(* For every integer $n \ge 2$, let $F_n(x) = \sum_{k=1}^{n} x^{\log k}$ for $0 < x \le 1$. Then $$\frac{\pi^2}{6} \sum_{\substack{p \le n\\ p \text{ prime}}} \frac{1}{\log p} \;\ge\; \int_0^1 \frac{\log F_n(x)}{x}\, dx.$$
   Context: $\log$ denotes the natural logarithm; the sum runs over all primes $p \le n$. *)

theory Defs
  imports "HOL-Analysis.Analysis" "HOL-Computational_Algebra.Primes"
begin

definition F :: "nat \<Rightarrow> real \<Rightarrow> real" where
  "F n x = (\<Sum>k = 1..n. x powr ln (real k))"

end

theory Submission
  imports Defs
begin

text \<open>
  For \<open>k \<le> n\<close> unique factorisation gives \<open>x^(log k) = \<Prod>\<^sub>p\<^sub>\<le>\<^sub>n (x^(log p))^(v\<^sub>p(k))\<close>, and distinct
  \<open>k\<close> have distinct exponent vectors, so \<open>F\<^sub>n(x)\<close> is bounded by the truncated Euler product
  \<open>\<Prod>\<^sub>p\<^sub>\<le>\<^sub>n 1 / (1 - x^(log p))\<close>. Taking logarithms,
  \<open>log F\<^sub>n(x) / x \<le> \<Sum>\<^sub>p -log(1 - x^(log p)) / x\<close>; expanding the logarithm into its power series
  and integrating termwise (monotone convergence) gives
  \<open>\<integral>\<^sub>0\<^sup>1 -log(1 - x^a) / x dx = \<Sum>\<^sub>m 1/(a m\<^sup>2) = \<pi>\<^sup>2/(6a)\<close>.
\<close>

lemma multiplicity_le_self:
  fixes p k :: nat
  assumes "prime p" "k > 0"
  shows "multiplicity p k \<le> k"
proof -
  have "multiplicity p k < 2 ^ multiplicity p k" by simp
  also have "\<dots> \<le> p ^ multiplicity p k"
    using assms prime_ge_2_nat power_mono by blast
  also have "\<dots> \<le> k"
    using assms by (simp add: dvd_imp_le multiplicity_dvd)
  finally show ?thesis by simp
qed

lemma ln_eq_sum_multiplicity:
  fixes k :: nat and P :: "nat set"
  assumes "k > 0" "finite P" "P \<subseteq> {p. prime p}" "prime_factors k \<subseteq> P"
  shows "ln (real k) = (\<Sum>p\<in>P. real (multiplicity p k) * ln (real p))"
proof -
  have "(\<Prod>p\<in>P. p ^ multiplicity p k) = (\<Prod>p\<in>prime_factors k. p ^ multiplicity p k)"
  proof (rule prod.mono_neutral_right[OF assms(2,4)])
    show "\<forall>p\<in>P - prime_factors k. p ^ multiplicity p k = 1"
      using assms(1,3) by (auto simp: in_prime_factors_iff not_dvd_imp_multiplicity_0)
  qed
  also have "\<dots> = k"
    using assms(1) by (simp add: prod_prime_factors)
  finally have "real k = real (\<Prod>p\<in>P. p ^ multiplicity p k)"
    by simp
  also have "\<dots> = (\<Prod>p\<in>P. real p ^ multiplicity p k)"
    by simp
  also have "ln \<dots> = (\<Sum>p\<in>P. ln (real p ^ multiplicity p k))"
    using assms(2,3) by (intro ln_prod) (auto simp: prime_gt_0_nat)
  finally show ?thesis
    using assms(3) by (auto simp: ln_realpow prime_gt_0_nat intro!: sum.cong)
qed

lemma prime_factors_subset_primes_upto:
  fixes k n :: nat
  assumes "k \<in> {1..n}"
  shows "prime_factors k \<subseteq> {p. prime p \<and> p \<le> n}"
  using assms by (auto simp: in_prime_factors_iff dest!: dvd_imp_le)

lemma powr_ln_eq_prod_multiplicity:
  fixes k n :: nat and x :: real
  assumes "k \<in> {1..n}" "x > 0"
  shows "x powr ln (real k) =
           (\<Prod>p\<in>{p. prime p \<and> p \<le> n}. (x powr ln (real p)) ^ multiplicity p k)"
proof -
  have "ln (real k) = (\<Sum>p\<in>{p. prime p \<and> p \<le> n}. real (multiplicity p k) * ln (real p))"
    using assms prime_factors_subset_primes_upto by (intro ln_eq_sum_multiplicity) auto
  then show ?thesis
    using assms(2) by (simp add: powr_sum powr_realpow[symmetric] powr_powr mult.commute)
qed

lemma inj_on_multiplicity_vector:
  fixes n :: nat
  shows "inj_on (\<lambda>k. restrict (\<lambda>p. multiplicity p k) {p. prime p \<and> p \<le> n}) {1..n}"
proof (rule inj_onI)
  fix a b
  assume a: "a \<in> {1..n}" and b: "b \<in> {1..n}"
    and eq: "restrict (\<lambda>p. multiplicity p a) {p. prime p \<and> p \<le> n} =
             restrict (\<lambda>p. multiplicity p b) {p. prime p \<and> p \<le> n}"
  show "a = b"
  proof (rule multiplicity_eq_nat)
    show "a > 0" "b > 0" using a b by auto
    fix q :: nat
    assume q: "prime q"
    show "multiplicity q a = multiplicity q b"
    proof (cases "q \<le> n")
      case True
      then show ?thesis using q fun_cong[OF eq, of q] by simp
    next
      case False
      then have "q \<notin> prime_factors a" "q \<notin> prime_factors b"
        using a b prime_factors_subset_primes_upto by blast+
      then show ?thesis
        using a b q by (simp add: in_prime_factors_iff not_dvd_imp_multiplicity_0)
    qed
  qed
qed

lemma geometric_partial_sum_le:
  fixes y :: real
  assumes "0 \<le> y" "y < 1"
  shows "(\<Sum>j\<le>m. y ^ j) \<le> 1 / (1 - y)"
proof -
  have "(\<Sum>j\<le>m. y ^ j) \<le> (\<Sum>j. y ^ j)"
    using assms by (intro sum_le_suminf summable_geometric) auto
  also have "\<dots> = 1 / (1 - y)"
    using assms by (simp add: suminf_geometric)
  finally show ?thesis .
qed

text \<open>
  Each \<open>k \<le> n\<close> is encoded by its exponent vector on the primes \<open>\<le> n\<close>, whose entries are at
  most \<open>n\<close>; the full box of such vectors expands the product of truncated geometric series.
\<close>

lemma sum_prod_multiplicity_le_euler_product:
  fixes n :: nat and y :: "nat \<Rightarrow> real"
  defines "P \<equiv> {p. prime p \<and> p \<le> n}"
  assumes y: "\<And>p. p \<in> P \<Longrightarrow> 0 \<le> y p \<and> y p < 1"
  shows "(\<Sum>k=1..n. \<Prod>p\<in>P. y p ^ multiplicity p k) \<le> (\<Prod>p\<in>P. 1 / (1 - y p))"
proof -
  define v where "v k = restrict (\<lambda>p. multiplicity p k) P" for k
  define g where "g e = (\<Prod>p\<in>P. y p ^ e p)" for e :: "nat \<Rightarrow> nat"
  have finP: "finite P" by (simp add: P_def)
  have "(\<Sum>k=1..n. \<Prod>p\<in>P. y p ^ multiplicity p k) = (\<Sum>k=1..n. g (v k))"
    by (simp add: g_def v_def)
  also have "\<dots> = sum g (v ` {1..n})"
    using inj_on_multiplicity_vector[of n] by (simp add: sum.reindex v_def P_def)
  also have "\<dots> \<le> sum g (PiE P (\<lambda>_. {..n}))"
  proof (rule sum_mono2)
    show "finite (PiE P (\<lambda>_. {..n}))" using finP by (simp add: finite_PiE)
    have "multiplicity p k \<le> n" if "p \<in> P" "k \<in> {1..n}" for p k
      using that multiplicity_le_self[of p k] by (simp add: P_def)
    then show "v ` {1..n} \<subseteq> PiE P (\<lambda>_. {..n})"
      by (auto simp: v_def)
    show "0 \<le> g e" for e
      using y by (auto simp: g_def intro: prod_nonneg)
  qed
  also have "\<dots> = (\<Prod>p\<in>P. \<Sum>j\<le>n. y p ^ j)"
    unfolding g_def by (rule prod_sum_PiE[symmetric]) (simp_all add: finP)
  also have "\<dots> \<le> (\<Prod>p\<in>P. 1 / (1 - y p))"
    using y by (intro prod_mono) (auto intro: sum_nonneg geometric_partial_sum_le)
  finally show ?thesis .
qed

lemma powr_ln_prime_bounds:
  fixes x :: real and p :: nat
  assumes "0 < x" "x < 1" "prime p"
  shows "0 < x powr ln (real p)" "x powr ln (real p) < 1"
proof -
  have "ln (real p) > 0" using prime_gt_1_nat[OF assms(3)] by simp
  then show "x powr ln (real p) < 1"
    using assms powr_less_mono2[of "ln (real p)" x 1] by simp
qed (use assms in simp)

lemma F_le_euler_product:
  fixes n :: nat and x :: real
  assumes "0 < x" "x < 1"
  shows "F n x \<le> (\<Prod>p\<in>{p. prime p \<and> p \<le> n}. 1 / (1 - x powr ln (real p)))"
proof -
  have "F n x = (\<Sum>k=1..n. \<Prod>p\<in>{p. prime p \<and> p \<le> n}. (x powr ln (real p)) ^ multiplicity p k)"
    unfolding F_def using assms by (intro sum.cong refl powr_ln_eq_prod_multiplicity) auto
  also have "\<dots> \<le> (\<Prod>p\<in>{p. prime p \<and> p \<le> n}. 1 / (1 - x powr ln (real p)))"
    using assms powr_ln_prime_bounds by (intro sum_prod_multiplicity_le_euler_product) auto
  finally show ?thesis .
qed

lemma one_le_F:
  assumes "x > 0" "n \<ge> 1"
  shows "1 \<le> F n x"
proof -
  have "x powr ln (real 1) \<le> (\<Sum>k = 1..n. x powr ln (real k))"
    by (rule member_le_sum) (use assms in auto)
  then show ?thesis using assms by (simp add: F_def)
qed

lemma ln_F_le_sum_ln:
  fixes n :: nat and x :: real
  assumes "n \<ge> 1" "0 < x" "x < 1"
  shows "ln (F n x) \<le> (\<Sum>p\<in>{p. prime p \<and> p \<le> n}. - ln (1 - x powr ln (real p)))"
proof -
  have lt1: "x powr ln (real p) < 1" if "p \<in> {p. prime p \<and> p \<le> n}" for p
    using that assms powr_ln_prime_bounds by auto
  have "ln (F n x) \<le> ln (\<Prod>p\<in>{p. prime p \<and> p \<le> n}. 1 / (1 - x powr ln (real p)))"
    using F_le_euler_product[OF assms(2,3), of n] one_le_F[OF assms(2,1)] by (intro ln_mono) auto
  also have "\<dots> = (\<Sum>p\<in>{p. prime p \<and> p \<le> n}. ln (1 / (1 - x powr ln (real p))))"
    using lt1 by (intro ln_prod) (simp_all, metis less_irrefl)
  also have "\<dots> = (\<Sum>p\<in>{p. prime p \<and> p \<le> n}. - ln (1 - x powr ln (real p)))"
    using lt1 by (intro sum.cong refl) (simp add: ln_div)
  finally show ?thesis .
qed

lemma continuous_on_ln_F_div:
  assumes "n \<ge> 1"
  shows "continuous_on {0<..<1} (\<lambda>x. ln (F n x) / x)"
proof -
  have "continuous_on {0<..<1::real} (F n)"
    unfolding F_def by (intro continuous_intros) auto
  moreover have "F n x \<noteq> 0" if "x \<in> {0<..<1}" for x
    using that one_le_F[OF _ assms, of x] by auto
  ultimately show ?thesis
    by (intro continuous_intros) auto
qed

lemma ln_F_div_bounds:
  fixes n :: nat and x :: real
  assumes "n \<ge> 1" "0 < x" "x < 1"
  shows "0 \<le> ln (F n x) / x"
    and "ln (F n x) / x \<le> (\<Sum>p\<in>{p. prime p \<and> p \<le> n}. - ln (1 - x powr ln (real p)) / x)"
proof -
  show "0 \<le> ln (F n x) / x"
    using assms one_le_F[of x n] by simp
  have "ln (F n x) / x \<le> (\<Sum>p\<in>{p. prime p \<and> p \<le> n}. - ln (1 - x powr ln (real p))) / x"
    using assms ln_F_le_sum_ln[of n x] by (intro divide_right_mono) auto
  then show "ln (F n x) / x \<le> (\<Sum>p\<in>{p. prime p \<and> p \<le> n}. - ln (1 - x powr ln (real p)) / x)"
    by (simp only: sum_divide_distrib)
qed

lemma sums_neg_ln_one_minus_powr_div:
  fixes a x :: real
  assumes a: "a > 0" and x: "0 < x" "x < 1"
  shows "(\<lambda>m. x powr (a * (real m + 1) - 1) / (real m + 1)) sums (- ln (1 - x powr a) / x)"
proof -
  define y where "y = x powr a"
  have y: "0 \<le> y" "y < 1"
    using a x powr_less_mono2[of a x 1] by (auto simp: y_def)
  have "(\<lambda>m. - ((-(-y)) ^ m) / real m) sums ln (1 + (-y))"
    by (rule ln_series') (use y in auto)
  then have "(\<lambda>m. y ^ m / real m) sums (- ln (1 - y))"
    using sums_minus by fastforce
  then have "(\<lambda>m. y ^ Suc m / real (Suc m) / x) sums (- ln (1 - y) / x)"
    by (intro sums_divide) (subst sums_Suc_iff, simp)
  moreover have "y ^ Suc m / real (Suc m) / x = x powr (a * (real m + 1) - 1) / (real m + 1)" for m
    using x by (simp add: y_def powr_realpow[symmetric] powr_powr powr_diff powr_add[symmetric]
        algebra_simps)
  ultimately show ?thesis by (simp add: y_def)
qed

lemma has_integral_powr_div_succ:
  fixes a :: real and m :: nat
  assumes "a > 0"
  shows "((\<lambda>x. x powr (a * (real m + 1) - 1) / (real m + 1)) has_integral
          1 / a * (1 / (real m + 1)\<^sup>2)) {0<..<1}"
proof -
  have "((\<lambda>x. x powr (a * (real m + 1) - 1)) has_integral
          1 powr (a * (real m + 1) - 1 + 1) / (a * (real m + 1) - 1 + 1)) {0..1}"
    using assms by (intro has_integral_powr_from_0) (auto simp: add_pos_nonneg)
  then have "((\<lambda>x. x powr (a * (real m + 1) - 1) / (real m + 1)) has_integral
          1 / (a * (real m + 1)) / (real m + 1)) {0<..<1}"
    by (intro has_integral_divide) (simp add: has_integral_Icc_iff_Ioo)
  then show ?thesis by (simp add: power2_eq_square mult.assoc)
qed

lemma has_integral_neg_ln_one_minus_powr_div:
  fixes a :: real
  assumes a: "a > 0"
  shows "((\<lambda>x. - ln (1 - x powr a) / x) has_integral pi\<^sup>2 / 6 / a) {0<..<1}"
proof -
  define f where "f M x = (\<Sum>m<M. x powr (a * (real m + 1) - 1) / (real m + 1))" for M x
  define c where "c M = 1 / a * (\<Sum>m<M. 1 / (real m + 1)\<^sup>2)" for M
  have f_integral: "(f M has_integral c M) {0<..<1}" for M
    unfolding f_def c_def sum_distrib_left
    using has_integral_powr_div_succ[OF a] by (intro has_integral_sum) auto
  then have integral_f: "(\<lambda>M. integral {0<..<1} (f M)) = c"
    by blast
  have "(\<lambda>M. \<Sum>m<M. 1 / (real m + 1)\<^sup>2) \<longlonglongrightarrow> pi\<^sup>2 / 6"
    using inverse_squares_sums by (simp add: sums_def add.commute)
  then have lim_c: "c \<longlonglongrightarrow> pi\<^sup>2 / 6 / a"
    unfolding c_def using a by (auto intro!: tendsto_eq_intros)
  have "(\<lambda>x. - ln (1 - x powr a) / x) integrable_on {0<..<1} \<and>
      (c \<longlongrightarrow> integral {0<..<1} (\<lambda>x. - ln (1 - x powr a) / x)) sequentially"
    unfolding integral_f[symmetric]
  proof (rule monotone_convergence_increasing)
    show "f M integrable_on {0<..<1}" for M using f_integral by blast
    show "f M x \<le> f (Suc M) x" for M x
      unfolding f_def by simp
    show "(\<lambda>M. f M x) \<longlonglongrightarrow> - ln (1 - x powr a) / x" if "x \<in> {0<..<1}" for x
      using sums_neg_ln_one_minus_powr_div[OF a, of x] that by (auto simp: f_def sums_def)
    show "bounded (range (\<lambda>M. integral {0<..<1} (f M)))"
      unfolding integral_f using lim_c by (rule convergent_imp_bounded)
  qed
  with lim_c show ?thesis
    using LIMSEQ_unique has_integral_integral by metis
qed

lemma has_integral_Ioc_iff_Ioo:
  fixes f :: "real \<Rightarrow> 'a :: banach"
  shows "(f has_integral I) {a<..b} \<longleftrightarrow> (f has_integral I) {a<..<b}"
  by (rule has_integral_spike_set_eq) (auto intro: negligible_subset[OF negligible_sing[of b]])

theorem mainTheorem2:
  fixes n :: nat
  assumes "n \<ge> 2"
  shows "(\<lambda>x. ln (F n x) / x) integrable_on {0<..1} \<and>
         integral {0<..1} (\<lambda>x. ln (F n x) / x)
           \<le> pi\<^sup>2 / 6 * (\<Sum>p\<in>{p. prime p \<and> p \<le> n}. 1 / ln (real p))"
proof -
  define P where "P = {p. prime p \<and> p \<le> n}"
  define h where "h x = ln (F n x) / x" for x :: real
  define G where "G x = (\<Sum>p\<in>P. - ln (1 - x powr ln (real p)) / x)" for x :: real
  have G_integral: "(G has_integral (\<Sum>p\<in>P. pi\<^sup>2 / 6 / ln (real p))) {0<..<1}"
    unfolding G_def P_def
    by (intro has_integral_sum has_integral_neg_ln_one_minus_powr_div)
      (auto dest: prime_gt_1_nat)
  have h_integrable: "h integrable_on {0<..<1}"
  proof (rule measurable_bounded_by_integrable_imp_integrable)
    show "h \<in> borel_measurable (lebesgue_on {0<..<1})"
      using continuous_on_ln_F_div[of n] assms unfolding h_def
      by (intro continuous_imp_measurable_on_sets_lebesgue) auto
    show "norm (h x) \<le> G x" if "x \<in> {0<..<1}" for x
      using that assms ln_F_div_bounds[of n x] by (simp add: h_def G_def P_def)
  qed (use G_integral in auto)
  have "integral {0<..<1} h \<le> integral {0<..<1} G"
    using h_integrable G_integral assms ln_F_div_bounds
    by (intro integral_le) (auto simp: h_def G_def P_def)
  also have "\<dots> = pi\<^sup>2 / 6 * (\<Sum>p\<in>P. 1 / ln (real p))"
    using G_integral by (simp add: integral_unique sum_distrib_left)
  finally have bound: "integral {0<..<1} h \<le> pi\<^sup>2 / 6 * (\<Sum>p\<in>P. 1 / ln (real p))" .
  have "(h has_integral integral {0<..<1} h) {0<..1}"
    using h_integrable by (simp add: has_integral_Ioc_iff_Ioo has_integral_integral)
  then have "h integrable_on {0<..1}" "integral {0<..1} h = integral {0<..<1} h"
    by (auto simp: integral_unique)
  with bound show ?thesis
    unfolding h_def[abs_def] P_def by simp
qed

end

************

• WHAT IS NEEDED
Counting the lines above that hold "ultimately", reply with the number and no other words.

• EXERCISE RESULT
2